Let’s hope there was a microwave handy because you *know* that stuff was cold by the time it was all set up. Fries, okay, not bad when they’re cold. But everything else? Not just no, but HELL NO. Plus, they might be stunned by all the grease and calories out there. You would think a football championship team would be eating better than that.
Gruters didn’t say which two of the sandwiches the president jammed together, but he added that Trump ordered an orange soda to wash down the gluttonous amalgamation. “I’m thinking to myself, how does the guy that’s as senior as him get away with eating all this McDonald’s on a consistent basis?” Gruters said. The president’s order, according to McDonald’s own nutrition guide, tallies up to a whopping 2,372 calories, well above the 2,000 calories older adult men are advised to consume in a day, and Gruters said eating just two of the eatery’s sandwiches made him “sick as a dog.”

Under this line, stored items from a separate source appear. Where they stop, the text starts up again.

lemma checkerboard_eq_sum_perm_matrices:
  assumes "xs \<in> positions d n" and "d \<ge> 2"
  shows "(\<Sum>q\<in>PiE {1..<d} (\<lambda>_. {..<4}). tuple_coeff d q * perm_matrix d n (\<lambda>k. small_perm (q k)) xs)
         = checkerboard d xs"
proof -
  let ?w = "\<lambda>k. if k = 1 then checker_vec (xs ! 0) else flat_vec (xs ! 0)"
  have "(\<Sum>q\<in>PiE {1..<d} (\<lambda>_. {..<4}). tuple_coeff d q * perm_matrix d n (\<lambda>k. small_perm (q k)) xs)
      = (\<Sum>q\<in>PiE {1..<d} (\<lambda>_. {..<4}).
           \<Prod>k\<in>{1..<d}. small_perm_coeff k (q k) * of_bool (xs ! k = small_perm (q k) (xs ! 0)))"
    unfolding tuple_coeff_def perm_matrix_def using assms(1)
    by (simp add: of_bool_Ball_eq_prod prod.distrib)
  also have "\<dots> = (\<Prod>k\<in>{1..<d}.
      \<Sum>r<4. small_perm_coeff k r * of_bool (xs ! k = small_perm r (xs ! 0)))"
    by (rule prod_sum_PiE[symmetric]) auto
  also have "\<dots> = (\<Prod>k\<in>{1..<d}. ?w k) * (\<Prod>k\<in>{1..<d}. checker_vec (xs ! k))"
    by (simp add: sum_small_perm_coeff prod.distrib)
  also have "(\<Prod>k\<in>{1..<d}. ?w k) = checker_vec (xs ! 0)"
  proof (cases "xs ! 0 \<in> {1, 2}")
    case True
    then have "(\<Prod>k\<in>{1..<d}. ?w k) = (\<Prod>k\<in>{1..<d}. if k = 1 then checker_vec (xs ! 0) else 1)"
      by (intro prod.cong) (auto simp: flat_vec_def)
    then show ?thesis using assms(2) by (simp add: prod.delta)
  next
    case False
    then have "checker_vec (xs ! 0) = 0" by (auto simp: checker_vec_def)
    moreover have "1 \<in> {1..<d}" using assms(2) by simp
    ultimately show ?thesis by (force simp: prod_zero_iff)
  qed
  also have "checker_vec (xs ! 0) * (\<Prod>k\<in>{1..<d}. checker_vec (xs ! k)) = checkerboard d xs"
    using assms(2) unfolding checkerboard_def lessThan_atLeast0
    by (simp add: prod.atLeast_Suc_lessThan)
  finally show ?thesis .
qed

lemma checkerboard_nonzero_iff: "checkerboard d x \<noteq> 0 \<longleftrightarrow> (\<forall>k<d. x ! k \<in> {1, 2})"
  unfolding checkerboard_def by (auto simp: checker_vec_def)

lemma power2_checkerboard:
  assumes "checkerboard d x \<noteq> 0"
  shows "(checkerboard d x)\<^sup>2 = 1"
proof -
  have "(checkerboard d x)\<^sup>2 = (\<Prod>k<d. (checker_vec (x ! k))\<^sup>2)"
    unfolding checkerboard_def by (simp add: prod_power_distrib)
  also have "\<dots> = 1"
    using assms unfolding checkerboard_nonzero_iff
    by (intro prod.neutral) (auto simp: checker_vec_def)
  finally show ?thesis .
qed

lemma checkerboard_antipodal:
  assumes "odd d" "checkerboard d x \<noteq> 0" "checkerboard d y \<noteq> 0" "\<And>k. k < d \<Longrightarrow> x ! k \<noteq> y ! k"
  shows "checkerboard d y = - checkerboard d x"
proof -
  have "checkerboard d y = (\<Prod>k<d. - checker_vec (x ! k))"
    unfolding checkerboard_def
  proof (intro prod.cong refl)
    fix k assume "k \<in> {..<d}"
    then have "x ! k \<in> {1, 2}" "y ! k \<in> {1, 2}" "x ! k \<noteq> y ! k"
      using assms(2-4) unfolding checkerboard_nonzero_iff by auto
    then show "checker_vec (y ! k) = - checker_vec (x ! k)"
      by (auto simp: checker_vec_def)
  qed
  also have "\<dots> = - checkerboard d x"
    unfolding checkerboard_def prod_uminus using assms(1) by simp
  finally show ?thesis .
qed

lemma Hull_uniform_plus_checkerboard:
  assumes "d \<ge> 2" "n \<ge> 3" "\<bar>\<epsilon>\<bar> \<le> 1 / (8 * real n) ^ (d - 1)"
  shows "(\<lambda>xs. (1 / real n ^ (d - 1) + \<epsilon> * checkerboard d xs) * J d n xs) \<in> Hull (Lambda d n)"
proof -
  define T where "T = PiE {1..<d} (\<lambda>_. {..<4::nat})"
  have small: "card T * \<bar>\<epsilon> * tuple_coeff d q\<bar> \<le> 1 / real n ^ (d - 1)" if "q \<in> T" for q
  proof -
    have "\<bar>\<epsilon> * tuple_coeff d q\<bar> \<le> 1 / (8 * real n) ^ (d - 1) * 2 ^ (d - 1)"
      unfolding abs_mult using that assms(3) abs_tuple_coeff_le[of q d] unfolding T_def
      by (intro mult_mono) auto
    then have "card T * \<bar>\<epsilon> * tuple_coeff d q\<bar> \<le> card T * (1 / (8 * real n) ^ (d - 1) * 2 ^ (d - 1))"
      by (rule mult_left_mono) simp
    also have "\<dots> = 1 / real n ^ (d - 1)"
    proof -
      have "(8::real) ^ (d - 1) = 4 ^ (d - 1) * 2 ^ (d - 1)"
        by (simp flip: power_mult_distrib)
      then show ?thesis unfolding T_def by (simp add: card_PiE power_mult_distrib)
    qed
    finally show ?thesis .
  qed
  have sum_0: "(\<Sum>q\<in>T. \<epsilon> * tuple_coeff d q) = 0"
    unfolding T_def using sum_tuple_coeff_eq_0[OF assms(1)]
    by (simp add: sum_distrib_left[symmetric])
  have bij: "bij_betw (small_perm (q k)) {1..n} {1..n}" if "q \<in> T" "k \<in> {1..<d}" for q k
    using that assms(2) unfolding T_def by (intro bij_betw_small_perm) auto
  have T: "finite T" "T \<noteq> {}"
    unfolding T_def by (auto simp: finite_PiE PiE_eq_empty_iff lessThan_empty_iff)
  have "(\<lambda>xs. J d n xs / real n ^ (d - 1)
      + (\<Sum>q\<in>T. \<epsilon> * tuple_coeff d q * perm_matrix d n (\<lambda>k. small_perm (q k)) xs)) \<in> Hull (Lambda d n)"
    using assms(1,2) by (intro Hull_uniform_plus_perm_combination T bij sum_0 small) auto
  also have "(\<lambda>xs. J d n xs / real n ^ (d - 1)
      + (\<Sum>q\<in>T. \<epsilon> * tuple_coeff d q * perm_matrix d n (\<lambda>k. small_perm (q k)) xs))
      = (\<lambda>xs. (1 / real n ^ (d - 1) + \<epsilon> * checkerboard d xs) * J d n xs)"
  proof
    fix xs
    show "J d n xs / real n ^ (d - 1)
        + (\<Sum>q\<in>T. \<epsilon> * tuple_coeff d q * perm_matrix d n (\<lambda>k. small_perm (q k)) xs)
        = (1 / real n ^ (d - 1) + \<epsilon> * checkerboard d xs) * J d n xs"
      using checkerboard_eq_sum_perm_matrices[of xs d n] assms(1)
      by (cases "xs \<in> positions d n")
        (simp_all add: J_def T_def perm_matrix_def mult.assoc flip: sum_distrib_left)
  qed
  finally show ?thesis .
qed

It did? Gee, we wonder why *coughcough*. One would think that one sandwich would be more than enough for the average appetite. But three? Yea no. And in one of the potential sandwich combinations? Yea hell NO. How does he manage all that anyhow? Does he even have McDonald’s for breakfast? *cringe* and to close:
“Yeah, he loves McDonald’s brand,” Gruters said. “McDonald’s should be paying that guy – no kidding.” The president famously staged a photo opportunity last year at a McDonald’s restaurant in Pennsylvania, where he dunked fries into oil and answered reporters’ questions through the drive-through window. The notorious germaphobe expressed amazement during that stunt that he didn’t have to touch the fries with his hands, and biographer Michael Wolff wrote 2018 book “Fire and Fury: Inside the Trump White House” that Trump likes eating at McDonald’s because, in his view, food made in advance is less vulnerable to tampering.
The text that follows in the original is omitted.